Elaborating further, he stated, “What ICOs do is take the disclosure-like benefits of a private placement and then add to it general solicitation and promise to the investor of a secondary market without registering to us.” Senator Warren finished off her line of questioning, saying to Clayton, “I am understanding you to say [that] it [what ICOs do by not registering] is a violation of the law?” The SEC chairman simply answered, “Correct.” But he did moderate his views on the illegality of ICOs by stating, “I’m perfectly happy for these people to do private placements, but do them right.”
Senatorial Enlightenment: Hacks, HODLs and “Kimchi Premiums”
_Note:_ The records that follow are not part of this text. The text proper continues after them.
theorem proposition8p12:
  fixes R S T :: "'a::comm_ring_1 set"
  assumes "subring R" and "subring S" and "R \<subset> S"
    and "FCP R S"
    and "T \<in> interval R S" and "T \<noteq> R" and "T \<noteq> S"
    and "supp_quot R T R \<inter> supp_quot R S T = {}"
  shows "(\<exists>!U. U \<in> interval R S \<and> T \<inter> U = R \<and> ringprod T U = S)
       \<and> (\<forall>U. U \<in> interval R S \<and> T \<inter> U = R \<and> ringprod T U = S \<longrightarrow>
             (\<forall>i \<le> loewy_length R S. loewy R S i = ringprod (loewy R T i) (loewy R U i))
           \<and> loewy_length R S = max (loewy_length R T) (loewy_length R U))"
proof -
  obtain a b where ab: "a \<in> R" "b \<in> R" "a + b = 1"
    and sat: "T \<subseteq> pow_saturation R a" "S \<subseteq> pow_saturation T b"
    using supp_quot_disjoint_saturation[OF assms(1,2,4,5,8)] by blast
  have "\<exists>!U. U \<in> interval R S \<and> T \<inter> U = R \<and> ringprod T U = S"
    by (rule ex1_complement[OF assms(1,2,5) ab sat])
  moreover have "(\<forall>i. loewy R S i = ringprod (loewy R T i) (loewy R V i))
      \<and> loewy_length R S = max (loewy_length R T) (loewy_length R V)"
    if "V \<in> interval R S" "T \<inter> V = R" "ringprod T V = S" for V
    using comaximal_split.loewy_ringprod[OF complement_comaximal_split[OF assms(1,5) ab sat that]]
      comaximal_split.loewy_length_eq_max[OF complement_comaximal_split[OF assms(1,5) ab sat that] assms(4)]
    by blast
  ultimately show ?thesis
    by blast
qed

end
While not all of the questions were focused directly on clarifying future U.S. regulatory frameworks on “virtual currencies,” the cryptocurrency industry was made aware of the effort regulators and lawmakers alike took to learn about the new asset class.
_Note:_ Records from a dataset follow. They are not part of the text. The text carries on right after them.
text \<open>
  Let \<open>P\<close> be the power series of \<open>\<Phi>\<close> and \<open>G\<close> its formal antiderivative, so that \<open>F = G\<close>
  near \<open>0\<close>. Integrating \<open>\<Phi>\<close> along the segment from \<open>z^2\<close> to \<open>z\<close> turns the integral equation
  into \<open>G(z) - G(z^2) = (z - z^2) \<Phi>(z) / 2\<close>. Both sides are convergent power series, so this is an
  identity of formal power series, and comparing the coefficients of \<open>z^(n+1)\<close> gives
  \<open>\<phi> n / (n+1) - [n odd] \<phi> ((n-1)/2) / ((n+1)/2) = (\<phi> n - \<phi> (n-1)) / 2\<close>,
  which is the recurrence solved for \<open>\<phi> n\<close>.
\<close>

lemma fps_conv_radius_fps_integral:
  fixes f :: "'a :: {banach, real_normed_field} fps"
  shows "fps_conv_radius f \<le> fps_conv_radius (fps_integral f c)"
proof -
  have "fps_conv_radius f \<le> fps_conv_radius (fps_shift 1 (fps_integral f c))"
    unfolding fps_conv_radius_def
  proof (rule conv_radius_geI_ex')
    fix r :: real assume "0 < r" "ereal r < conv_radius (fps_nth f)"
    then have "summable (\<lambda>n. norm (f $ n * of_real r ^ n))"
      by (intro abs_summable_in_conv_radius) auto
    then show "summable (\<lambda>n. fps_nth (fps_shift 1 (fps_integral f c)) n * of_real r ^ n)"
    proof (rule summable_comparison_test'[where N = 0])
      fix n :: nat
      have "norm (inverse (of_nat (Suc n) :: 'a)) \<le> 1"
        by (simp only: norm_inverse norm_of_nat) (simp add: inverse_le_1_iff)
      then show "norm (fps_nth (fps_shift 1 (fps_integral f c)) n * of_real r ^ n) \<le> norm (f $ n * of_real r ^ n)"
        by (simp add: norm_mult mult.assoc mult_left_le_one_le del: of_nat_Suc)
    qed
  qed
  then show ?thesis by simp
qed

lemma has_field_derivative_eval_fps_integral:
  fixes f :: "'a :: {banach, real_normed_field} fps"
  assumes "norm z < fps_conv_radius f"
  shows "(eval_fps (fps_integral f c) has_field_derivative eval_fps f z) (at z within A)"
  using has_field_derivative_eval_fps[of z "fps_integral f c"] fps_conv_radius_fps_integral[of f c] assms
  by (simp add: fps_deriv_fps_integral)

lemma has_contour_integral_eval_fps:
  fixes f :: "complex fps"
  assumes "norm a < fps_conv_radius f" "norm b < fps_conv_radius f"
  shows "(eval_fps f has_contour_integral
           eval_fps (fps_integral f c) b - eval_fps (fps_integral f c) a) (linepath a b)"
proof -
  obtain r where r: "max (norm a) (norm b) < r" "ereal r \<le> fps_conv_radius f"
    using assms by (metis ereal_dense2 less_ereal.simps(1) max_def order.strict_implies_order)
  have "path_image (linepath a b) \<subseteq> eball 0 (fps_conv_radius f)"
    using closed_segment_subset[of a "ball 0 r" b] ball_eball_mono[OF r(2)] r(1) by auto
  then show ?thesis
    using contour_integral_primitive[of "eball 0 (fps_conv_radius f)" "eval_fps (fps_integral f c)"
            "eval_fps f" "linepath a b"]
    by (auto intro: has_field_derivative_eval_fps_integral)
qed

lemma contour_integral_linepath_0_eval_fps:
  fixes f :: "complex fps"
  assumes "norm z < fps_conv_radius f"
  shows "contour_integral (linepath 0 z) (eval_fps f) = eval_fps (fps_integral0 f) z"
proof -
  have "norm (0 :: complex) < fps_conv_radius f"
    using assms by (metis ereal_less_eq(3) norm_ge_zero norm_zero order.strict_trans1)
  from has_contour_integral_eval_fps[OF this assms, of 0] show ?thesis
    by (simp add: contour_integral_unique eval_fps_at_0)
qed

lemma deriv_contour_integral_linepath_0_eval_fps:
  fixes f :: "complex fps"
  assumes "norm z < fps_conv_radius f"
  shows "deriv (\<lambda>w. contour_integral (linepath 0 w) (eval_fps f)) z = eval_fps f z"
proof (rule DERIV_imp_deriv)
  show "((\<lambda>w. contour_integral (linepath 0 w) (eval_fps f)) has_field_derivative eval_fps f z) (at z)"
  proof (rule has_field_derivative_transform_within_open)
    show "(eval_fps (fps_integral0 f) has_field_derivative eval_fps f z) (at z)"
      using assms by (rule has_field_derivative_eval_fps_integral)
    show "eval_fps (fps_integral0 f) w = contour_integral (linepath 0 w) (eval_fps f)"
      if "w \<in> eball 0 (fps_conv_radius f)" for w
      using that by (simp add: contour_integral_linepath_0_eval_fps)
  qed (use assms in simp_all)
qed

lemma eval_fps_integral_diff_eq_segment_integral:
  fixes f :: "complex fps"
  assumes "norm a < fps_conv_radius f" "norm b < fps_conv_radius f"
    and "((\<lambda>r::real. eval_fps f (of_real r * b + (1 - of_real r) * a)) has_integral I) {0..1}"
  shows "eval_fps (fps_integral f c) b - eval_fps (fps_integral f c) a = (b - a) * I"
proof -
  have param: "linepath a b r = of_real r * b + (1 - of_real r) * a" for r
    by (simp add: linepath_def scaleR_conv_of_real algebra_simps)
  have "((\<lambda>r. eval_fps f (linepath a b r) * (b - a)) has_integral
          eval_fps (fps_integral f c) b - eval_fps (fps_integral f c) a) {0..1}"
    using has_contour_integral_eval_fps[OF assms(1,2)] by (simp add: has_contour_integral_linepath)
  moreover have "((\<lambda>r. eval_fps f (linepath a b r) * (b - a)) has_integral I * (b - a)) {0..1}"
    unfolding param by (rule has_integral_mult_left[OF assms(3)])
  ultimately have "eval_fps (fps_integral f c) b - eval_fps (fps_integral f c) a = I * (b - a)"
    by (rule has_integral_unique)
  then show ?thesis
    by (simp add: mult.commute)
qed

lemma eventually_norm_less_nhds_0:
  fixes R :: ereal
  assumes "0 < R"
  shows "eventually (\<lambda>z :: 'a :: real_normed_vector. norm z < R) (nhds 0)"
proof -
  have "eventually (\<lambda>z. z \<in> eball 0 R) (nhds 0)"
    using assms by (intro eventually_nhds_in_open) (auto simp: zero_ereal_def)
  then show ?thesis
    by eventually_elim (simp add: dist_0_norm)
qed

lemma norm_power2_less:
  fixes z :: "'a :: real_normed_div_algebra" and R :: ereal
  assumes "norm z \<le> 1" "norm z < R"
  shows "norm (z ^ 2) < R"
proof -
  have "norm (z ^ 2) = norm z * norm z"
    by (simp add: norm_mult power2_eq_square)
  also have "\<dots> \<le> 1 * norm z"
    using assms(1) by (intro mult_right_mono) auto
  finally have "norm (z ^ 2) \<le> norm z"
    by simp
  with assms(2) show ?thesis
    by (meson ereal_less_eq(3) le_less_trans)
qed

lemma square_functional_equation_of_segment_integral:
  fixes P :: "complex fps"
  assumes "norm z \<le> 1" "norm z < fps_conv_radius P"
    and "((\<lambda>r::real. eval_fps P (of_real r * z + (1 - of_real r) * z ^ 2)) has_integral eval_fps P z / 2) {0..1}"
  shows "eval_fps (fps_integral0 P) z - eval_fps (fps_integral0 P) (z ^ 2) = (z - z ^ 2) * eval_fps P z / 2"
  using eval_fps_integral_diff_eq_segment_integral[OF norm_power2_less[OF assms(1,2)] assms(2,3)] by simp

lemma difference_quotient_contour_integral_eval_fps:
  fixes P :: "complex fps" and F :: "complex \<Rightarrow> complex"
  assumes F: "F = (\<lambda>w. contour_integral (linepath 0 w) (eval_fps P))"
    and z: "0 < norm z" "norm z < 1" "norm z < fps_conv_radius P"
    and "((\<lambda>r::real. eval_fps P (of_real r * z + (1 - of_real r) * z ^ 2)) has_integral eval_fps P z / 2) {0..1}"
  shows "(F z - F (z ^ 2)) / (z - z ^ 2) = deriv F z / 2"
proof -
  have "z - z ^ 2 \<noteq> 0"
    using z(1,2) by (auto simp: power2_eq_square right_diff_distrib[symmetric])
  with square_functional_equation_of_segment_integral[OF _ z(3)] assms norm_power2_less[OF _ z(3)]
  show ?thesis
    by (simp add: contour_integral_linepath_0_eval_fps deriv_contour_integral_linepath_0_eval_fps)
qed

lemma fps_compose_fps_X_power2_nth:
  fixes f :: "'a :: comm_ring_1 fps"
  shows "(f oo fps_X ^ 2) $ n = (if even n then f $ (n div 2) else 0)"
proof -
  have "(f oo fps_X ^ 2) $ n = (\<Sum>i = 0..n. if n = 2 * i then f $ i else 0)"
    unfolding fps_compose_nth power_mult[symmetric] by (intro sum.cong) (auto simp: fps_X_power_iff)
  also have "\<dots> = (if even n then f $ (n div 2) else 0)"
    by (cases "even n") (auto elim!: evenE intro!: sum.neutral)
  finally show ?thesis .
qed

lemma fps_eq_of_square_functional_equation:
  fixes G P :: "complex fps"
  assumes "fps_conv_radius G > 0" "fps_conv_radius P > 0"
    and "eventually (\<lambda>z. eval_fps G z - eval_fps G (z ^ 2) = (z - z ^ 2) * eval_fps P z / 2) (nhds 0)"
  shows "G - (G oo fps_X ^ 2) = (fps_X - fps_X ^ 2) * P * fps_const (1 / 2)"
proof (rule fps_expansion_unique_complex)
  have G: "eval_fps G has_fps_expansion G" and P: "eval_fps P has_fps_expansion P"
    using assms(1,2) by (simp_all add: eval_fps_has_fps_expansion)
  show "(\<lambda>z. eval_fps G z - eval_fps G (z ^ 2)) has_fps_expansion G - (G oo fps_X ^ 2)"
    using has_fps_expansion_compose[OF G has_fps_expansion_fps_X_power[of 2]]
    by (auto simp: o_def intro!: fps_expansion_intros G)
  have "(\<lambda>z. (z - z ^ 2) * eval_fps P z * (1 / 2)) has_fps_expansion
          (fps_X - fps_X ^ 2) * P * fps_const (1 / 2)"
    by (intro fps_expansion_intros P)
  then show "(\<lambda>z. eval_fps G z - eval_fps G (z ^ 2)) has_fps_expansion
               (fps_X - fps_X ^ 2) * P * fps_const (1 / 2)"
    using assms(3) by (subst has_fps_expansion_cong) (auto elim!: eventually_mono)
qed

lemma solve_coefficient_relation:
  fixes a b p x :: "'a :: field_char_0"
  assumes "x \<noteq> 1" "x \<noteq> -1" "a / (x + 1) - 2 * p / (x + 1) = (a - b) / 2"
  shows "a = (x + 1) / (x - 1) * b - 4 / (x - 1) * p"
proof -
  have "x + 1 \<noteq> 0" "x - 1 \<noteq> 0"
    using assms(1,2) by (simp_all add: eq_neg_iff_add_eq_0)
  with assms(3) have "2 * a - 4 * p = (x + 1) * (a - b)"
    by (simp add: field_simps)
  then have "(x - 1) * a = (x + 1) * b - 4 * p"
    by algebra
  with \<open>x - 1 \<noteq> 0\<close> have "a = ((x + 1) * b - 4 * p) / (x - 1)"
    by (simp add: eq_divide_eq mult.commute)
  then show ?thesis
    by (simp add: diff_divide_distrib)
qed

lemma coeff_recurrence_of_fps_equation:
  fixes P :: "'a :: field_char_0 fps"
  assumes eq: "fps_integral0 P - (fps_integral0 P oo fps_X ^ 2) = (fps_X - fps_X ^ 2) * P * fps_const (1 / 2)"
    and n: "n \<ge> 2"
  shows "even n \<Longrightarrow> P $ n = (of_nat n + 1) / (of_nat n - 1) * P $ (n - 1)"
    and "odd n \<Longrightarrow> P $ n = (of_nat n + 1) / (of_nat n - 1) * P $ (n - 1)
                                 - 4 / (of_nat n - 1) * P $ ((n - 1) div 2)"
proof -
  have "(fps_integral0 P - (fps_integral0 P oo fps_X ^ 2)) $ Suc n
      = P $ n / (of_nat n + 1) - 2 * (if odd n then P $ ((n - 1) div 2) else 0) / (of_nat n + 1)"
  proof (cases "even n")
    case False
    then obtain m where m: "n = Suc (2 * m)"
      by (auto elim: oddE)
    then have "(of_nat n + 1 :: 'a) = 2 * of_nat (Suc m)" "(of_nat (Suc n) :: 'a) = 2 * of_nat (Suc m)"
      by (simp_all add: algebra_simps)
    with m show ?thesis
      by (simp add: fps_compose_fps_X_power2_nth field_simps del: of_nat_Suc)
  qed (simp add: fps_compose_fps_X_power2_nth field_simps)
  moreover have "((fps_X - fps_X ^ 2) * P * fps_const (1 / 2)) $ Suc n = (P $ n - P $ (n - 1)) / 2"
    using n by (simp add: left_diff_distrib fps_mult_right_const_nth fps_X_power_mult_nth fps_X_mult_nth)
  ultimately have coeff: "P $ n / (of_nat n + 1)
      - 2 * (if odd n then P $ ((n - 1) div 2) else 0) / (of_nat n + 1) = (P $ n - P $ (n - 1)) / 2"
    by (simp only: eq)
  have x: "of_nat n \<noteq> (1 :: 'a)" "of_nat n \<noteq> (-1 :: 'a)"
    using n of_nat_neq_0[of n] by (auto simp: eq_neg_iff_add_eq_0 add.commute)
  show "even n \<Longrightarrow> P $ n = (of_nat n + 1) / (of_nat n - 1) * P $ (n - 1)"
    using solve_coefficient_relation[OF x, of "P $ n" 0] coeff by simp
  show "odd n \<Longrightarrow> P $ n = (of_nat n + 1) / (of_nat n - 1) * P $ (n - 1)
                                 - 4 / (of_nat n - 1) * P $ ((n - 1) div 2)"
    using solve_coefficient_relation[OF x] coeff by simp
qed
Throughout the hearing, several senators demonstrated an awareness of problems currently plaguing the industry. References to the Coincheck hack in Japan, Mt. Gox and exchange vulnerabilities, and North Korean and Russian state agents’ potential for abusing prices in the cryptocurrency market all came up.
Senator Robert Menendez cited Venezuela’s attempt to circumvent sanctions using Petrocoin, while Senator Jack Reed stressed the need for technologists and computer expert personnel among the regulators to help them understand the burgeoning asset class. Senator David Perdue began a line of questioning about combating pump-and-dump schemes, regulatory arbitrage and financial arbitrage that prompted the CFTC chair to explain what “kimchi premiums” were. Most surprisingly, however, was Chairman Giancarlo’s attempt to define “hodling” to the Committee in the middle of an answer to Senator Mike Rounds about the commodity-like aspects of cryptocurrencies.
Some senators did conflate which countries took recent regulatory actions on virtual currencies, but it is a confusing enough subject that it is the cover story for Bitcoin Magazine this month. While not directly indicative of which regulatory measures the U.S. will take, industry participants can take some benefit from knowing legislators and top regulators are making an attempt to educate themselves and to thoughtfully institute measured regulatory frameworks in an effort to protect investors while not ruining the industry.